Research

The Yu Emotion Science Lab (YES Lab) seeks to understand the relationship between emotion and morality. As the relationship is bidirectional, our research branches in two broad directions: how emotions are generated and how they are evaluated. To understand the generation process, we study neurocognitive mechanisms that transform features of social events into emotions. For the evaluation process, we investigate how perceivers integrate emotions that an agent displays (or fails to do so) into their judgment of the agent’s behaviors and their impressions of the agent’s moral character.

How are emotions generated?

Emotions, especially social and moral emotions, are cognitively more sophisticated than they are often thought to be. A prominent theoretical framework, the appraisal theory of emotion, posits that emotions are generated by a series of cognitive processes where features of the emotion-eliciting event and its bearing on one’s survival are extracted and integrated. We develop interactive tasks to quantitively manipulate these features (e.g., intentionality, agency, expectancy) to examine how they are represented and integrated neurally, and contribute to emotions people experience. For example, using sophisticated brain network analysis we have shown how the antecedents of gratitude are represented and integrated in the brain to give rise to gratitude.

How are emotions integrated in moral evaluation?
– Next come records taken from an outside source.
(* Let $T$ be a c.n.u. contraction on $H$ and let $(H_+,H_-,\Gamma_+,\Gamma_-)$ be a boundary quadruple for $A_T^{\perp_s}$ with contractive Weyl function $B$, such that the graph of $T$ equals $\{a\in A_T^{\perp_s}:\Gamma_-a=0\}$. Let $\mathfrak{T}$ be the operator on $\{f_{\hat x}:x\in H\}$ defined by $\mathfrak{T}f_{\hat x}=f_{\widehat{Tx}}$. Then for every $f=f_{\hat x}$, $x\in H$, $$(\mathfrak{T}f)(\lambda)=\lambda f(\lambda)-B(\lambda)f(0_-)\quad\text{for all }\lambda\in\mathbb{D}_+,$$ $$(\mathfrak{T}f)(\lambda)=\frac{f(\lambda)-f(0_-)}{\lambda}\quad\text{for all }\lambda\in\mathbb{D}_-\setminus\{0_-\}.$$
   Context: $H$ is an infinite-dimensional separable complex Hilbert space with inner product $(\cdot,\cdot)_H$; $T\in\mathbb{B}(H)$, $\|T\|\le1$, is completely non-unitary. $\mathbb{K}=\ker(I-T^*T)$. $\mathbb{H}=H\oplus_\perp H$ with $[(x_1,x_2),(y_1,y_2)]=i(x_1,y_1)_H-i(x_2,y_2)_H$; $S^{\perp_s}=\{a:[a,b]=0\ \forall b\in S\}$; $A_T=\{(x,Tx):x\in\mathbb{K}\}$. $\mathbb{D}_\pm$ are two copies of the open unit disc with centers $0_\pm$; for $\lambda\in\mathbb{D}_\pm$, $\bar\lambda$ is regarded as a point of $\mathbb{D}_\mp$. $N_\lambda=\{(x,\lambda x)\}\cap A_T^{\perp_s}$ ($\lambda\in\mathbb{D}_+$), $N_\lambda=\{(\lambda x,x)\}\cap A_T^{\perp_s}$ ($\lambda\in\mathbb{D}_-$). Boundary quadruple: Hilbert spaces $H_\pm$, linear $\Gamma_\pm:A_T^{\perp_s}\to H_\pm$ with $(\Gamma_+,\Gamma_-)$ bounded, onto $H_+\oplus_\perp H_-$, kernel $A_T$, and $[a,b]=i(\Gamma_+a,\Gamma_+b)-i(\Gamma_-a,\Gamma_-b)$. Contractive Weyl function $B$: for $\lambda\in\mathbb{D}_+$, $\Gamma_+|_{N_\lambda}$ bijective onto $H_+$, $\Gamma_-a=B(\lambda)\Gamma_+a$ on $N_\lambda$; for $\lambda\in\mathbb{D}_-$, $\Gamma_-|_{N_\lambda}$ bijective onto $H_-$, $\Gamma_+a=B(\bar\lambda)^*\Gamma_-a$ on $N_\lambda$. $\gamma_+(\lambda)z\in N_\lambda$ with $\Gamma_+\gamma_+(\lambda)z=z$ ($\lambda\in\mathbb{D}_+$), $\gamma_-(\lambda)z\in N_\lambda$ with $\Gamma_-\gamma_-(\lambda)z=z$ ($\lambda\in\mathbb{D}_-$); $\varphi_+=pr_1\circ\gamma_+$, $\varphi_-=pr_2\circ\gamma_-$. $E_\lambda=pr_1(N_\lambda)$ or $pr_2(N_\lambda)$ for $\lambda\in\mathbb{D}_+$ or $\mathbb{D}_-$; $F^\dagger_\lambda=E_{\bar\lambda}$, $F_\lambda$ its conjugate-linear dual, pairing $((\cdot,\cdot))$. For $x\in H$, $\hat x(\lambda)\in F_\lambda$ is $\omega\mapsto(x,\omega)_H$ (and $x\mapsto\hat x$ is injective). For $\lambda\in\mathbb{D}_+$, $(\varphi_-^\dagger(\lambda)\omega,z)_{H_-}=((\omega,\varphi_-(\bar\lambda)z))$; for $\lambda\in\mathbb{D}_-$, $(\varphi_+^\dagger(\lambda)\omega,z)_{H_+}=((\omega,\varphi_+(\bar\lambda)z))$; $f_s(\lambda)=\varphi_-^\dagger(\lambda)s(\lambda)$ on $\mathbb{D}_+$ and $\varphi_+^\dagger(\lambda)s(\lambda)$ on $\mathbb{D}_-$. *)

theory Defs
  imports "HOL-Analysis.Analysis"
begin
(* (i) $\mathfrak{L}$ is a system of representatives of $\mathfrak{H}/\!\sim$. (ii) If $\underline h,\underline h'\in\mathfrak{H}$ and $\underline h\sim\underline h'$, then $J^{\underline h}=J^{\underline h'}$ and $\mathfrak{S}^{\underline h}=\mathfrak{S}^{\underline h'}$. (iii) If $\underline\ell,\underline\ell'\in\mathfrak{L}$ and $\underline\ell\ne\underline\ell'$, then $\mathfrak{S}^{\underline\ell}\cap\mathfrak{S}^{\underline\ell'}=\emptyset$. (iv) For each $\underline\ell\in\mathfrak{L}$, the map $m\in\mathfrak{S}^{\underline\ell}\mapsto m^2\bmod 4P$ is constant.
   Context: $r\ge3$; $p_1,\dots,p_r$ positive pairwise coprime, $p_2,\dots,p_r$ odd; $P=p_1\cdots p_r$, $\hat p_j=P/p_j$; $E=\{\pm1\}^r$. $\mathfrak{H}$: $\underline h\in\mathbb{Z}^r$ with $0\le h_j\le p_j$ and $h_j/p_j\notin\mathbb{Z}$ for at least three $j$; $\mathfrak{L}$: those with $h_j$ even for $j\ge2$. $J^{\underline h}=\{j:p_j\mid h_j\}$; $\mathcal{N}^{\underline h}(\underline\varepsilon)=P+\sum_j\varepsilon_jh_j\hat p_j$; $\mathfrak{S}^{\underline h}=\mathcal{N}^{\underline h}(E)+2P\mathbb{Z}$. Equivalence: $\underline h\sim\underline h'$ iff there is $J\subset\{1,\dots,r\}$ with $|J|$ even such that $h_j=p_j-h'_j$ for $j\in J$ and $h_j=h'_j$ for $j\notin J$. *)

theory Defs
  imports "HOL-Library.FuncSet"
begin

text \<open>Tuples indexed by {1..r} are extensional functions nat => int.\<close>

definition bigP :: "nat \<Rightarrow> (nat \<Rightarrow> int) \<Rightarrow> int" where
  "bigP r p = (\<Prod>j\<in>{1..r}. p j)"

definition phat :: "nat \<Rightarrow> (nat \<Rightarrow> int) \<Rightarrow> nat \<Rightarrow> int" where
  "phat r p j = bigP r p div p j"

definition signsE :: "nat \<Rightarrow> (nat \<Rightarrow> int) set" where
  "signsE r = ({1..r} \<rightarrow>\<^sub>E {-1, 1})"

definition frakH :: "nat \<Rightarrow> (nat \<Rightarrow> int) \<Rightarrow> (nat \<Rightarrow> int) set" where
  "frakH r p = {h. h \<in> extensional {1..r} \<and> (\<forall>j\<in>{1..r}. 0 \<le> h j \<and> h j \<le> p j)
                 \<and> card {j\<in>{1..r}. \<not> p j dvd h j} \<ge> 3}"

definition frakL :: "nat \<Rightarrow> (nat \<Rightarrow> int) \<Rightarrow> (nat \<Rightarrow> int) set" where
  "frakL r p = {h\<in>frakH r p. \<forall>j\<in>{2..r}. even (h j)}"

definition Jset :: "nat \<Rightarrow> (nat \<Rightarrow> int) \<Rightarrow> (nat \<Rightarrow> int) \<Rightarrow> nat set" where
  "Jset r p h = {j\<in>{1..r}. p j dvd h j}"

definition calN :: "nat \<Rightarrow> (nat \<Rightarrow> int) \<Rightarrow> (nat \<Rightarrow> int) \<Rightarrow> (nat \<Rightarrow> int) \<Rightarrow> int" where
  "calN r p h \<epsilon> = bigP r p + (\<Sum>j\<in>{1..r}. \<epsilon> j * h j * phat r p j)"

definition frakS :: "nat \<Rightarrow> (nat \<Rightarrow> int) \<Rightarrow> (nat \<Rightarrow> int) \<Rightarrow> int set" where
  "frakS r p h = {m. \<exists>\<epsilon>\<in>signsE r. \<exists>k::int. m = calN r p h \<epsilon> + 2 * bigP r p * k}"

definition hsim :: "nat \<Rightarrow> (nat \<Rightarrow> int) \<Rightarrow> (nat \<Rightarrow> int) \<Rightarrow> (nat \<Rightarrow> int) \<Rightarrow> bool" where
  "hsim r p h h' \<longleftrightarrow> (\<exists>J. J \<subseteq> {1..r} \<and> even (card J)
      \<and> (\<forall>j\<in>J. h j = p j - h' j) \<and> (\<forall>j\<in>{1..r} - J. h j = h' j))"

end

theory Submission
  imports Defs
begin

(*
  Replacing h_j by p_j - h_j on an even set J of indices, and flipping the signs eps_j
  there, changes N(eps) by P times a sum of |J| signs, an even number; so equivalent
  tuples have the same J and S. Since p_j is odd for j >= 2, exactly one of h_j and
  p_j - h_j is even, and index 1 absorbs the parity of |J|: this gives the unique
  representative in L. If two representatives share an element of S, their difference
  sum_j (eps_j l_j - eps'_j l'_j) phat_j is divisible by 2P; reducing mod p_j for j >= 2
  (evenness of l_j, l'_j supplies a factor 2) and then mod 2 p_1 isolates one coordinate
  at a time and forces l = l'. Finally, N(eps)^2 mod 4P does not depend on eps because P
  divides phat_i phat_j for i <> j.
*)

lemma even_card_sym_diff:
  assumes "finite A" "finite B" "even (card A)" "even (card B)"
  shows "even (card ((A - B) \<union> (B - A)))"
proof -
  have "card ((A - B) \<union> (B - A)) = card (A - B) + card (B - A)"
    using assms(1,2) by (intro card_Un_disjoint) auto
  moreover have "card A = card (A \<inter> B) + card (A - B)" "card B = card (B \<inter> A) + card (B - A)"
    using assms(1,2) by (simp_all add: card_Int_Diff)
  moreover have "B \<inter> A = A \<inter> B"
    by blast
  ultimately show ?thesis using assms(3,4) by auto
qed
Experiencing emotions of the right kind, to the right extent, and in the right circumstances is an integral part of being virtuous, both in virtue ethics and in everyday moral discourse. How we morally judge an agent’s action depends on the emotion(s) accompanying the action (e.g., “Bob visits his sick partner at hospital without feeling sadness or compassion.”). Current projects combining virtue ethics of emotion and computational models of impression aim to understand the neurocognitive processes through which emotions (or their absence) are integrated in person-perception and moral inference. Emotions can also be integrated prospectively in the deliberation of our own future behaviors, thereby weighing in the choices we would make. This may have non-trivial real-life consequences to ourselves and people around us. For example, in Maupassant’s story The Necklace, Mathilde would have acknowledged that she lost the necklace and immediately learnt that it was only a fake one, had she not tried to avoid shame and embarrassment. But because she cares so much about her public appearance, she sells everything she owns to buy a much more expensive real diamond necklace for the owner, and has lived miserably in debt since then. In the YES Lab, we seek to understand how people make decisions, sometimes costly, to avoid certain emotions.

Emotion and morality across cultures and times

How do we know whether an American and a German feel the same way when one claims to feel ‘guilty’ whereas the other claims to feel ‘schuldig’? Perhaps the subjective experience is obscure to observers, however we can track and analyze the events that lead to the agent’s using a given emotional term to express themselves. By applying machine learning algorithms to large-scale corpus data (e.g., online social network, digital libraries), we can capture the evolution of meanings, attitudes, and values across historical periods and cultures. Combining historical materials and neuroimaging, we are also able to identify brain-based signatures of psychological constructs (e.g., sense of justice), and to examine its generalizability across times and space.